Book readers have a hard time believing a dragon can take down the wall but blowing a magical horn would be perfectly fine?

I mean, to be fair, a magical horn did burn the inside of a guy in the Iron Islands when he blew it. So, magical horns are a thing that can have an effect.  I think the Horn of Joramum (?) may be more myth or bolstering of a myth then just you blow the horn and the wall falls down.

 

5 hours ago, Col Cinders said:

I agree in showverse we will never know.  We also won't know what the NK's plan 'A' was.

I wanted the magic of the wall to be undone and have the entire wall crumble in a disaster on a biblical scale.  But D&D didn't ask me.  I think based upon what they have said in interviews in the last few weeks that D&D believe ratings are the ultimate deodorant and they are covered as long as people tune in in record numbers.  It is show business with an emphasis on business after all.

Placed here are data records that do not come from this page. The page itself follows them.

text \<open>Double counting: a bipartite weight matrix with all row and column sums equal to k > 0
  satisfies Hall's condition for the supports of its rows.\<close>
lemma regular_bipartite_hall:
  fixes u :: "'a \<Rightarrow> 'b \<Rightarrow> nat"
  assumes finX: "finite X" and finY: "finite Y" and k: "0 < k"
    and rows: "\<forall>a\<in>X. (\<Sum>b\<in>Y. u a b) = k" and cols: "\<forall>b\<in>Y. (\<Sum>a\<in>X. u a b) = k"
  shows "\<forall>Z\<subseteq>X. card Z \<le> card (\<Union>a\<in>Z. {b\<in>Y. 0 < u a b})"
proof (intro allI impI)
  fix Z assume Z: "Z \<subseteq> X"
  define N where "N = (\<Union>a\<in>Z. {b\<in>Y. 0 < u a b})"
  have NY: "N \<subseteq> Y" unfolding N_def by blast
  have "k * card Z = (\<Sum>a\<in>Z. \<Sum>b\<in>Y. u a b)" using rows Z by (simp add: subset_iff)
  also have "\<dots> = (\<Sum>a\<in>Z. \<Sum>b\<in>N. u a b)"
    by (intro sum.cong refl sum.mono_neutral_right[OF finY NY]) (auto simp: N_def)
  also have "\<dots> = (\<Sum>b\<in>N. \<Sum>a\<in>Z. u a b)" by (rule sum.swap)
  also have "\<dots> \<le> (\<Sum>b\<in>N. \<Sum>a\<in>X. u a b)"
    by (intro sum_mono sum_mono2[OF finX Z]) auto
  also have "\<dots> = k * card N" using cols NY by (simp add: subset_iff)
  finally show "card Z \<le> card N" using k by simp
qed

lemma regular_bipartite_perfect_matching:
  fixes u :: "'a set \<Rightarrow> nat"
  assumes fin: "finite V" and HA: "H \<inter> A = {}" "H \<union> A = V" "card H = card A" and k: "0 < k"
    and deg: "\<forall>a\<in>V. (\<Sum>b\<in>V - {a}. u {a, b}) = k"
    and bip: "\<forall>a\<in>V. \<forall>b\<in>V. 0 < u {a, b} \<longrightarrow> (a \<in> H \<and> b \<in> A) \<or> (a \<in> A \<and> b \<in> H)"
  obtains q where "perfect_matching_of V {H, A} q" "\<forall>e\<in>q. 0 < u e"
proof -
  have finH: "finite H" and finA: "finite A" using fin HA(2) by auto
  have rows: "\<forall>a\<in>H. (\<Sum>b\<in>A. u {a, b}) = k"
  proof
    fix a assume a: "a \<in> H"
    have "(\<Sum>b\<in>V - {a}. u {a, b}) = (\<Sum>b\<in>A. u {a, b})"
      using a HA bip by (intro sum_over_other_side[OF fin HA(1,2) a]) blast
    then show "(\<Sum>b\<in>A. u {a, b}) = k" using deg a HA(2) by auto
  qed
  have cols: "\<forall>b\<in>A. (\<Sum>a\<in>H. u {a, b}) = k"
  proof
    fix b assume b: "b \<in> A"
    have "A \<inter> H = {}" "A \<union> H = V" using HA by auto
    then have "(\<Sum>a\<in>V - {b}. u {b, a}) = (\<Sum>a\<in>H. u {b, a})"
      using b HA bip by (intro sum_over_other_side[OF fin _ _ b]) blast+
    moreover have "(\<Sum>a\<in>V - {b}. u {b, a}) = k" using deg b HA(2) by blast
    moreover have "(\<lambda>a. u {b, a}) = (\<lambda>a. u {a, b})" by (simp add: insert_commute)
    ultimately show "(\<Sum>a\<in>H. u {a, b}) = k" by metis
  qed
  obtain f where f: "inj_on f H" "\<forall>a\<in>H. f a \<in> {b\<in>A. 0 < u {a, b}}"
    using hall_marriage[OF finH _ regular_bipartite_hall[OF finH finA k rows cols]] finA by auto
  have "f ` H \<subseteq> A" "card (f ` H) = card A" using f HA(3) by (auto simp: card_image)
  then have "bij_betw f H A" using f(1) card_subset_eq[OF finA] unfolding bij_betw_def by blast
  then have "perfect_matching_of V {H, A} {{a, f a} | a. a \<in> H}"
    using perfect_matching_of_bijection[OF HA(1)] HA(2) by simp
  moreover have "\<forall>e\<in>{{a, f a} | a. a \<in> H}. 0 < u e" using f(2) by blast
  ultimately show ?thesis using that by blast
qed

lemma regular_bipartite_decomposition:
  fixes u :: "'a set \<Rightarrow> nat"
  assumes fin: "finite V" and HA: "H \<inter> A = {}" "H \<union> A = V" "card H = card A"
    and deg: "\<forall>a\<in>V. (\<Sum>b\<in>V - {a}. u {a, b}) = k"
    and bip: "\<forall>a\<in>V. \<forall>b\<in>V. 0 < u {a, b} \<longrightarrow> (a \<in> H \<and> b \<in> A) \<or> (a \<in> A \<and> b \<in> H)"
  shows "\<exists>qs. (\<forall>j<k. perfect_matching_of V {H, A} (qs j)) \<and>
    (\<forall>a\<in>V. \<forall>b\<in>V. a \<noteq> b \<longrightarrow> u {a, b} = card {j. j < k \<and> {a, b} \<in> qs j})"
  using deg bip
proof (induction k arbitrary: u)
  case 0
  have "u {a, b} = 0" if "a \<in> V" "b \<in> V" "a \<noteq> b" for a b
    using 0(1) that fin by auto
  then show ?case by auto
next
  case (Suc k)
  obtain q where q: "perfect_matching_of V {H, A} q" "\<forall>e\<in>q. 0 < u e"
    using regular_bipartite_perfect_matching[OF fin HA _ Suc.prems] by blast
  have eqp: "{H, A} \<in> eq_parts V" using eq_parts_intro[OF fin HA] .
  define u' where "u' = (\<lambda>e. u e - (if e \<in> q then 1 else 0))"
  have u_split: "u e = u' e + (if e \<in> q then 1 else 0)" for e
    using q(2) unfolding u'_def by (auto simp: Suc_le_eq)
  have "\<forall>a\<in>V. (\<Sum>b\<in>V - {a}. u' {a, b}) = k"
  proof
    fix a assume a: "a \<in> V"
    have "Suc k = (\<Sum>b\<in>V - {a}. u' {a, b}) + (\<Sum>b\<in>V - {a}. if {a, b} \<in> q then 1 else 0)"
      using Suc.prems(1) a by (simp add: u_split sum.distrib)
    then show "(\<Sum>b\<in>V - {a}. u' {a, b}) = k"
      using perfect_matching_degree[OF q(1) eqp a fin, where 'n = nat] by linarith
  qed
  moreover have "\<forall>a\<in>V. \<forall>b\<in>V. 0 < u' {a, b} \<longrightarrow> (a \<in> H \<and> b \<in> A) \<or> (a \<in> A \<and> b \<in> H)"
    using Suc.prems(2) unfolding u'_def by auto
  ultimately obtain qs where qs: "\<forall>j<k. perfect_matching_of V {H, A} (qs j)"
    "\<forall>a\<in>V. \<forall>b\<in>V. a \<noteq> b \<longrightarrow> u' {a, b} = card {j. j < k \<and> {a, b} \<in> qs j}"
    using Suc.IH by blast
  have "\<forall>j<Suc k. perfect_matching_of V {H, A} ((qs(k := q)) j)"
    using qs(1) q(1) by (auto simp: less_Suc_eq)
  moreover have "u {a, b} = card {j. j < Suc k \<and> {a, b} \<in> (qs(k := q)) j}"
    if "a \<in> V" "b \<in> V" "a \<noteq> b" for a b
  proof -
    have "{j. j < Suc k \<and> {a, b} \<in> (qs(k := q)) j} =
        (if {a, b} \<in> q then insert k else id) {j. j < k \<and> {a, b} \<in> qs j}"
      by (auto simp: less_Suc_eq)
    then show ?thesis using qs(2) that u_split[of "{a, b}"] by simp
  qed
  ultimately show ?case by blast
qed

type_synonym 'i equation = "('i \<Rightarrow> real) \<times> real"

definition solves :: "'i set \<Rightarrow> 'i equation set \<Rightarrow> ('i \<Rightarrow> real) \<Rightarrow> bool" where
  "solves I J x \<longleftrightarrow> (\<forall>j\<in>J. (\<Sum>i\<in>I. fst j i * x i) = snd j)"

definition rational_equations :: "'i equation set \<Rightarrow> bool" where
  "rational_equations J \<longleftrightarrow> (\<forall>j\<in>J. (\<forall>i. fst j i \<in> \<rat>) \<and> snd j \<in> \<rat>)"

definition eliminate :: "'i \<Rightarrow> 'i equation \<Rightarrow> 'i equation \<Rightarrow> 'i equation" where
  "eliminate i0 p j =
     ((\<lambda>i. fst j i - fst j i0 / fst p i0 * fst p i), snd j - fst j i0 / fst p i0 * snd p)"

If I were to try to maintain my own suspension of disbelief I would have to reason that 1 magic made the wall possible, 2 dragons have been shown to amplify or even radiate magic (house of the undying and the production of wildfire and the forging of valerian steel), and therefore 3 undragon can unmake magic of a lesser (TM Stannis) level.  The undragon broke the wall using a combination of fire and magic.

I thought dragons increased magic and didn't diminish it. Not saying that doesn't mean they still couldn't be the kryptonite to the walls magic but just my understanding.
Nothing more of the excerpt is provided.